### [Try it]
Look through the records below for the line holding "scale br \<longleftrightarrow>". Write it out exactly, with each following line through the line holding "(\<forall>x y z. br x (br".

### [Source material]
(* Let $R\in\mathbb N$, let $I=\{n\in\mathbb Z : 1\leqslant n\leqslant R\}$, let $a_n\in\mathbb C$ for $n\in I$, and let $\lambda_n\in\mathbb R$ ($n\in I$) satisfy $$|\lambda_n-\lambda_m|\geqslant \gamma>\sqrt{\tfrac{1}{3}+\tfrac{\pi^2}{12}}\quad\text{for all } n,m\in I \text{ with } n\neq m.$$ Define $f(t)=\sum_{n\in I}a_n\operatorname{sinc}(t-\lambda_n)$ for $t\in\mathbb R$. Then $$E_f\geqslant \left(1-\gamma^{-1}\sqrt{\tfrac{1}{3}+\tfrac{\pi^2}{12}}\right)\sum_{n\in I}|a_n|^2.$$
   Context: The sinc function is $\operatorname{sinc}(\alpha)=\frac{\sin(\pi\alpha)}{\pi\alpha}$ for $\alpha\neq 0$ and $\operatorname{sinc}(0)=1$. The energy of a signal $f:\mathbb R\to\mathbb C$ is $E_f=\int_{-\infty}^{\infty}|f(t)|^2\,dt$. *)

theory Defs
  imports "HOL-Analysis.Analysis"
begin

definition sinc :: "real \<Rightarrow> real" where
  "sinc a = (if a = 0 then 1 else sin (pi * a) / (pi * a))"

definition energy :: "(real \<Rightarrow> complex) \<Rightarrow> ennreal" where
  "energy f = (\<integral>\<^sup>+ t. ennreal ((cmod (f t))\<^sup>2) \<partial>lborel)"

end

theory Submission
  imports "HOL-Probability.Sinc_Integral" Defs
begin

* * *

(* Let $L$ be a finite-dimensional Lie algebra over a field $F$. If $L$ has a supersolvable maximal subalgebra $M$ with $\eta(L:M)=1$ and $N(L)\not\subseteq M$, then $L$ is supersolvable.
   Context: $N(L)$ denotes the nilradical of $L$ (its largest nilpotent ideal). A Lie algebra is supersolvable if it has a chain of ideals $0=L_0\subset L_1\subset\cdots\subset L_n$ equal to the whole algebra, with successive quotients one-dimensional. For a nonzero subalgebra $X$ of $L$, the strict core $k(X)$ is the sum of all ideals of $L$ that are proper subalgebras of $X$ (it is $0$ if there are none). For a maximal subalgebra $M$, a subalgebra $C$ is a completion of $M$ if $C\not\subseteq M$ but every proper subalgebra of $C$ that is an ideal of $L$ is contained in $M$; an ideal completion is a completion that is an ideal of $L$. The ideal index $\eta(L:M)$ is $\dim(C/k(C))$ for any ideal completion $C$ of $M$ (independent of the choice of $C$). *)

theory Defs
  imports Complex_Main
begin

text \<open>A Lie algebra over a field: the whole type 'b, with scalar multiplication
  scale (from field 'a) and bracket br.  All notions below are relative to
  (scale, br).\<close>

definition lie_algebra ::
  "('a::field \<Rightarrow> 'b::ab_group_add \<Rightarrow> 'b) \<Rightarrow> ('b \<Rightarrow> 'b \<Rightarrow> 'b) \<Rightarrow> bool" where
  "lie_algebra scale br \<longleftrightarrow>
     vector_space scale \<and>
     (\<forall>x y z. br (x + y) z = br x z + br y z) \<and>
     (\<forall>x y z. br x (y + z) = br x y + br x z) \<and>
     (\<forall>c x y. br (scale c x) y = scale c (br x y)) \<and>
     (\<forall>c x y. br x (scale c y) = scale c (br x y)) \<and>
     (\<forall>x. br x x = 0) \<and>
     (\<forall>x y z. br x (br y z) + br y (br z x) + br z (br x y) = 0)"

### [Task solution]
  "lie_algebra scale br \<longleftrightarrow>
     vector_space scale \<and>
     (\<forall>x y z. br (x + y) z = br x z + br y z) \<and>
     (\<forall>x y z. br x (y + z) = br x y + br x z) \<and>
     (\<forall>c x y. br (scale c x) y = scale c (br x y)) \<and>
     (\<forall>c x y. br x (scale c y) = scale c (br x y)) \<and>
     (\<forall>x. br x x = 0) \<and>
     (\<forall>x y z. br x (br y z) + br y (br z x) + br z (br x y) = 0)"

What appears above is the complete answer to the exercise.